Before I moved to Charlottesville, I already had a picture in my mind of the perfect place to live. It was a university town with a balance between culture and country. A place with a liberal view of the world that retained its history. A river ran through the middle. You could get a job that paid enough money to buy a house, in the city or the country, depending on your preference.
I’ve tried to find U-topia before, and when I was living near Western Carolina University, the search put me in the middle of a conversation about the difference between a college town and a town with a college. In one, the university is an economic and cultural center that enhances but doesn’t subsume the flavor of the place. In the other, it’s more like an occupying Roman army.
Missoula, Madison, Eugene, Burlington are all neat cities, and they exemplify how in practice there is always a creative tension between school and town. Universities, like armies, want to grow. University towns, which people choose to live in because they are not big cities, don’t.

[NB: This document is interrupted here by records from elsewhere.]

definition Vfun :: "(('s::finite \<Rightarrow> real) \<Rightarrow> 's \<Rightarrow> 'a::finite \<Rightarrow> 's \<Rightarrow> real)
    \<Rightarrow> ('s \<Rightarrow> 'a \<Rightarrow> ('s \<Rightarrow> real) \<Rightarrow> real) \<Rightarrow> ('s \<Rightarrow> 'a \<Rightarrow> real) \<Rightarrow> ('s \<Rightarrow> real) \<Rightarrow> 's \<Rightarrow> real" where
  "Vfun P r pol mu s = (\<Sum>t. (\<Sum>s'\<in>UNIV. mpow (Pmat P mu pol) t s s' *
        (\<Sum>a\<in>UNIV. pol s' a * r s' a mu)) - Jfun P r pol mu)"

definition assumption1 :: "(('s::finite \<Rightarrow> real) \<Rightarrow> 's \<Rightarrow> 'a::finite \<Rightarrow> 's \<Rightarrow> real)
    \<Rightarrow> real \<Rightarrow> real \<Rightarrow> bool" where
  "assumption1 P C0 C1 \<longleftrightarrow> 1 \<le> C0 \<and> 0 < C1 \<and> C1 < 1 \<and>
     (\<forall>pol mu. is_policy pol \<and> mu \<in> prob_simplex \<longrightarrow>
        irreducible_chain (Pmat P mu pol) \<and> aperiodic_chain (Pmat P mu pol) \<and>
        (\<forall>k s. tv_dist (mpow (Pmat P mu pol) k s) (stat_dist (Pmat P mu pol)) \<le> C0 * C1 ^ k))"

text \<open>Orthogonal projection onto the complement of span of the all-ones vector.\<close>
definition proj_perp :: "('s::finite \<Rightarrow> real) \<Rightarrow> 's \<Rightarrow> real" where
  "proj_perp V = (\<lambda>s. V s - (\<Sum>t\<in>UNIV. V t) / real CARD('s))"

definition inner_vec :: "('s::finite \<Rightarrow> real) \<Rightarrow> ('s \<Rightarrow> real) \<Rightarrow> real" where
  "inner_vec x y = (\<Sum>s\<in>UNIV. x s * y s)"

definition norm2 :: "('s::finite \<Rightarrow> real) \<Rightarrow> real" where
  "norm2 x = sqrt (\<Sum>s\<in>UNIV. (x s)^2)"

text \<open>bar G^V(theta,V,J,mu) = E[(r(s,a,mu) - J + V(s') - V(s)) e_s], componentwise.\<close>
definition GV :: "(('s::finite \<Rightarrow> real) \<Rightarrow> 's \<Rightarrow> 'a::finite \<Rightarrow> 's \<Rightarrow> real)
    \<Rightarrow> ('s \<Rightarrow> 'a \<Rightarrow> ('s \<Rightarrow> real) \<Rightarrow> real) \<Rightarrow> ('s \<Rightarrow> 'a \<Rightarrow> real) \<Rightarrow> ('s \<Rightarrow> real) \<Rightarrow> real
    \<Rightarrow> ('s \<Rightarrow> real) \<Rightarrow> 's \<Rightarrow> real" where
  "GV P r \<theta> V J mu = (\<lambda>x. (\<Sum>s\<in>UNIV. nu P (softmax \<theta>) mu s * (\<Sum>a\<in>UNIV. softmax \<theta> s a *
      (\<Sum>s'\<in>UNIV. P mu s a s' * ((r s a mu - J + V s' - V s) * (if s = x then 1 else 0))))))"

definition GJ :: "(('s::finite \<Rightarrow> real) \<Rightarrow> 's \<Rightarrow> 'a::finite \<Rightarrow> 's \<Rightarrow> real)
    \<Rightarrow> ('s \<Rightarrow> 'a \<Rightarrow> ('s \<Rightarrow> real) \<Rightarrow> real) \<Rightarrow> real \<Rightarrow> ('s \<Rightarrow> 'a \<Rightarrow> real) \<Rightarrow> real
    \<Rightarrow> ('s \<Rightarrow> real) \<Rightarrow> real" where
  "GJ P r cJ \<theta> J mu = (\<Sum>s\<in>UNIV. nu P (softmax \<theta>) mu s * (\<Sum>a\<in>UNIV. softmax \<theta> s a *
      (\<Sum>s'\<in>UNIV. P mu s a s' * (cJ * (r s a mu - J)))))"

text \<open>V^T E[e_s (e_{s'} - e_s)^T] V.\<close>
definition quad_form :: "(('s::finite \<Rightarrow> real) \<Rightarrow> 's \<Rightarrow> 'a::finite \<Rightarrow> 's \<Rightarrow> real)
    \<Rightarrow> ('s \<Rightarrow> 'a \<Rightarrow> real) \<Rightarrow> ('s \<Rightarrow> real) \<Rightarrow> ('s \<Rightarrow> real) \<Rightarrow> real" where
  "quad_form P \<theta> mu V = (\<Sum>s\<in>UNIV. nu P (softmax \<theta>) mu s * (\<Sum>a\<in>UNIV. softmax \<theta> s a *
      (\<Sum>s'\<in>UNIV. P mu s a s' * (V s * (V s' - V s)))))"

end

theory Submission
  imports Defs
begin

In my U-topia, I bike to work instead of driving. I can hear music any night of the week. My neighbors wave. I can walk to the river. The food and drink are city good.
At the Monticello Heritage Harvest Festival last weekend––which was a really exciting demonstration of the energy around sustainable agriculture, local food, and cultural preservation––I remembered something about places. You have to love them as they are…but to love them as they are, you have to want to make them better.
Another one of Jefferson’s paradoxes, I guess. Jean-Jacques Rousseau said he’d rather be a man of paradoxes than one of prejudices. I’d rather live in a place of paradoxes than prejudices.